By Clara Siagian
“Once you label me, you negate me” Søren Kierkegaard.
Today is quite a day for Ratih. She and her friends will be performing a unique musical performance in Taman Pintar; plainly but in creative sense called Musik Kaleng Rombeng. Ratih joins the rehearsal at the back yard of her school SDK Mangunan –a school best known and praised for its different approach in educating school kids thanks to its founder Romo Mangunwijaya.
With great enthusiasm and bashful smile, Ratih recites their singing, Ondel-Ondel and Cublak Cublak Suweng. They say they will meet and on stage with Dik Doank in Taman Pintar and seeing a public figure in real version is a lot for Ratih. The teacher interrupts and asks them to sing and gyrate to the music –only to make Ratih and her friends go blushing. Nothing, not even a slightest clue leads one to infer that Ratih was a street girl a month or so before.
Ratih is not the only one there. Introducing, Adhi and Kido who are already back to school a year ago. The boys and Ratih are in their 5th grade this year. This might be meaningless for many of us who regard schooling is no challenging matter, so predictable it is we take for granted all the process one must gone through to pass a semester. But for Adhi and Kido, a year pass in a school is a remarkable story (though they still have so many years to complete compulsory education).
Kido for example had to live and move from street to street for years before met his life-changing opportunity that is back to school. Having lived years practically without education, Kido had to work out his lacking of knowledge compare to that of his other classmates. Not a brilliant student but he managed to prove himself and was able to rose to the middle rank of his class.
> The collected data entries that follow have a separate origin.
(* Choosing v outside the finitely many roots of the difference polynomials
   sum_l (x_i l - x_j l) v^l makes the projections t_i = sum_l v^l x_i l distinct;
   the first layer only ever sees these reals.  Sorted and padded with dummy points,
   they are cut into A = d1 div 4 groups of P = 4 (d2 div 4r) consecutive points.
   Four first-layer ReLUs per group form a bump that is an arbitrary affine function
   of t on the group and vanishes on all other groups, so every second-layer neuron
   can be made affine in t with coefficients chosen independently on each group.
   With the fixed output weights (-1)^l, P such neurons interpolate any nonnegative
   data on P increasing points: the l-th ReLU switches on between the (l-1)-th and
   l-th point, and its knot is placed so that the alternating sum of the active
   pieces passes through the data.  The output bias undoes the shift that makes the
   data nonnegative. *)

lemma exists_injective_power_projection:
  fixes x :: "'i \<Rightarrow> nat \<Rightarrow> real"
  assumes "finite I"
    and distinct: "\<And>i j. i \<in> I \<Longrightarrow> j \<in> I \<Longrightarrow> i \<noteq> j \<Longrightarrow> \<exists>l<k. x i l \<noteq> x j l"
  shows "\<exists>v. inj_on (\<lambda>i. \<Sum>l<k. v ^ l * x i l) I"
proof -
  define roots where "roots i j = {v. (\<Sum>l\<le>k - 1. (x i l - x j l) * v ^ l) = 0}" for i j
  have "finite (roots i j)" if ij: "i \<in> I" "j \<in> I" "i \<noteq> j" for i j
  proof -
    obtain l where "l < k" "x i l \<noteq> x j l"
      using distinct[OF ij] by blast
    then show ?thesis
      unfolding roots_def by (intro polyfun_finite_roots[THEN iffD2]) (auto intro!: exI[of _ l])
  qed
  then have "finite (\<Union>i\<in>I. \<Union>j\<in>I - {i}. roots i j)"
    using \<open>finite I\<close> by blast
  then obtain v where v: "v \<notin> (\<Union>i\<in>I. \<Union>j\<in>I - {i}. roots i j)"
    using ex_new_if_finite[OF infinite_UNIV_char_0] by blast
  have "i = j" if ij: "i \<in> I" "j \<in> I" and eq: "(\<Sum>l<k. v ^ l * x i l) = (\<Sum>l<k. v ^ l * x j l)" for i j
  proof (rule ccontr)
    assume "i \<noteq> j"
    then obtain l where "l < k" using distinct ij by blast
    then have "{..k - 1} = {..<k}" by auto
    moreover have "(\<Sum>l<k. (x i l - x j l) * v ^ l) = 0"
      using eq by (simp add: right_diff_distrib mult.commute[of _ "v ^ _"] sum_subtractf)
    ultimately have "v \<in> roots i j" unfolding roots_def by simp
    with v ij \<open>i \<noteq> j\<close> show False by blast
  qed
  then show ?thesis by (auto intro: inj_onI)
qed

lemma finite_real_set_strict_mono_enumeration:
  fixes T :: "real set"
  assumes "finite T"
  shows "\<exists>s. strict_mono s \<and> s ` {..<card T} = T"
proof -
  define L where "L = sorted_list_of_set T"
  define B where "B = Max (insert 0 T)"
  define s where "s \<rho> = (if \<rho> < card T then L ! \<rho> else B + real \<rho>)" for \<rho>
  have len: "length L = card T" and L_set: "set L = T" and sorted: "sorted_wrt (<) L"
    using assms by (simp_all add: L_def)
  have "t \<le> B" if "t \<in> T" for t
    using assms that by (simp add: B_def)
  then have "L ! \<rho> < B + real (Suc \<rho>)" if "\<rho> < card T" for \<rho>
    using that len L_set nth_mem[of \<rho> L] by fastforce
  then have "s \<rho> < s (Suc \<rho>)" for \<rho>
    using sorted_wrt_nth_less[OF sorted, of \<rho> "Suc \<rho>"] len by (simp add: s_def)
  moreover have "s ` {..<card T} = T"
    using len L_set by (auto simp: s_def in_set_conv_nth image_iff)
  ultimately show ?thesis
    by (auto simp: strict_mono_Suc_iff)
qed

lemma relu_nonneg_eq: "0 \<le> t \<Longrightarrow> relu t = t"
  by (simp add: relu_def)

lemma relu_nonpos_eq: "t \<le> 0 \<Longrightarrow> relu t = 0"
  by (simp add: relu_def)

lemma sum_lessThan_4: "(\<Sum>e<4::nat. f e) = f 0 + f 1 + f 2 + (f 3 :: 'a :: comm_monoid_add)"
  by (simp add: eval_nat_numeral ac_simps)

(* The weights are the slope changes of the piecewise linear function that vanishes
   outside [c 0, c 3], equals \<alpha> + \<gamma> \<sigma> on [c 1, c 2] and is linear in between. *)
definition bump_weight :: "(nat \<Rightarrow> real) \<Rightarrow> real \<Rightarrow> real \<Rightarrow> nat \<Rightarrow> real" where
  "bump_weight c \<alpha> \<gamma> e =
     (let u = (\<alpha> + \<gamma> * c 0) / (c 1 - c 0); w = (\<alpha> + \<gamma> * c 2) / (c 3 - c 2)
      in if e = 0 then \<gamma> + u else if e = 1 then - u else if e = 2 then - \<gamma> - w else w)"

definition relu_bump :: "(nat \<Rightarrow> real) \<Rightarrow> real \<Rightarrow> real \<Rightarrow> real \<Rightarrow> real" where
  "relu_bump c \<alpha> \<gamma> \<sigma> = (\<Sum>e<4. bump_weight c \<alpha> \<gamma> e * relu (\<sigma> - c e))"

lemma relu_bump_left:
  assumes "c 0 < c 1" "c 1 \<le> c 2" "c 2 < c 3" "\<sigma> \<le> c 0"
  shows "relu_bump c \<alpha> \<gamma> \<sigma> = 0"
  using assms by (simp add: relu_bump_def sum_lessThan_4 relu_nonpos_eq)

lemma relu_bump_mid:
  assumes "c 0 < c 1" "c 2 < c 3" "c 1 \<le> \<sigma>" "\<sigma> \<le> c 2"
  shows "relu_bump c \<alpha> \<gamma> \<sigma> = \<alpha> + \<gamma> * \<sigma>"
proof -
  define u where "u = (\<alpha> + \<gamma> * c 0) / (c 1 - c 0)"
  have u: "u * (c 1 - c 0) = \<alpha> + \<gamma> * c 0"
    using assms by (simp add: u_def)
  have "relu_bump c \<alpha> \<gamma> \<sigma> = (\<gamma> + u) * (\<sigma> - c 0) - u * (\<sigma> - c 1)"
    using assms by (simp add: relu_bump_def bump_weight_def sum_lessThan_4 relu_nonneg_eq
        relu_nonpos_eq u_def Let_def)
  also have "\<dots> = \<alpha> + \<gamma> * \<sigma>"
    using u by (simp add: algebra_simps)
  finally show ?thesis .
qed

lemma relu_bump_right:
  assumes "c 0 < c 1" "c 1 \<le> c 2" "c 2 < c 3" "c 3 \<le> \<sigma>"
  shows "relu_bump c \<alpha> \<gamma> \<sigma> = 0"
proof -
  define u where "u = (\<alpha> + \<gamma> * c 0) / (c 1 - c 0)"
  define w where "w = (\<alpha> + \<gamma> * c 2) / (c 3 - c 2)"
  have u: "u * (c 1 - c 0) = \<alpha> + \<gamma> * c 0" and w: "w * (c 3 - c 2) = \<alpha> + \<gamma> * c 2"
    using assms by (simp_all add: u_def w_def)
  have "relu_bump c \<alpha> \<gamma> \<sigma> =
      (\<gamma> + u) * (\<sigma> - c 0) - u * (\<sigma> - c 1) + (- \<gamma> - w) * (\<sigma> - c 2) + w * (\<sigma> - c 3)"
    using assms by (simp add: relu_bump_def bump_weight_def sum_lessThan_4 relu_nonneg_eq
        u_def w_def Let_def)
  also have "\<dots> = 0"
    using u w by (simp add: algebra_simps)
  finally show ?thesis .
qed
According to Adhi and Kido’s former teacher, Bu Rumei, the kids were by no means a trouble for her. Different from her expectation, the boys were far away from wild adjective, even at first they seemed to be timid and in a closet. When being asked, Adhi who once cried in the first week of school, answered simply that he was ashamed especially for his background on the street. He saw himself in a negative way, pretty much similar with those stigmas labeled by people –wild, unworthy, dirty, no future and whatsoever-. The longer you live with those stigmas stick to your face, the deeper you internalize them, and the more you believe you are what they say you are.
Not all the stories are heartwarming. Nesa, for example had gone through series of in and out schools and counsellings, only to return to the street –a place she said to be where she belongs-. She was yearning for freedom she experienced on the street. Could it be that the freedom she longed for is nothing but free from internalized stigma? “I am different. I don’t fit in the school. I was once free but in school they tried to put rules on me. In the street, the kids don’t care of what people said” she said. Sometimes the victims can turn the sense of labels upside down to become their own pride and justification.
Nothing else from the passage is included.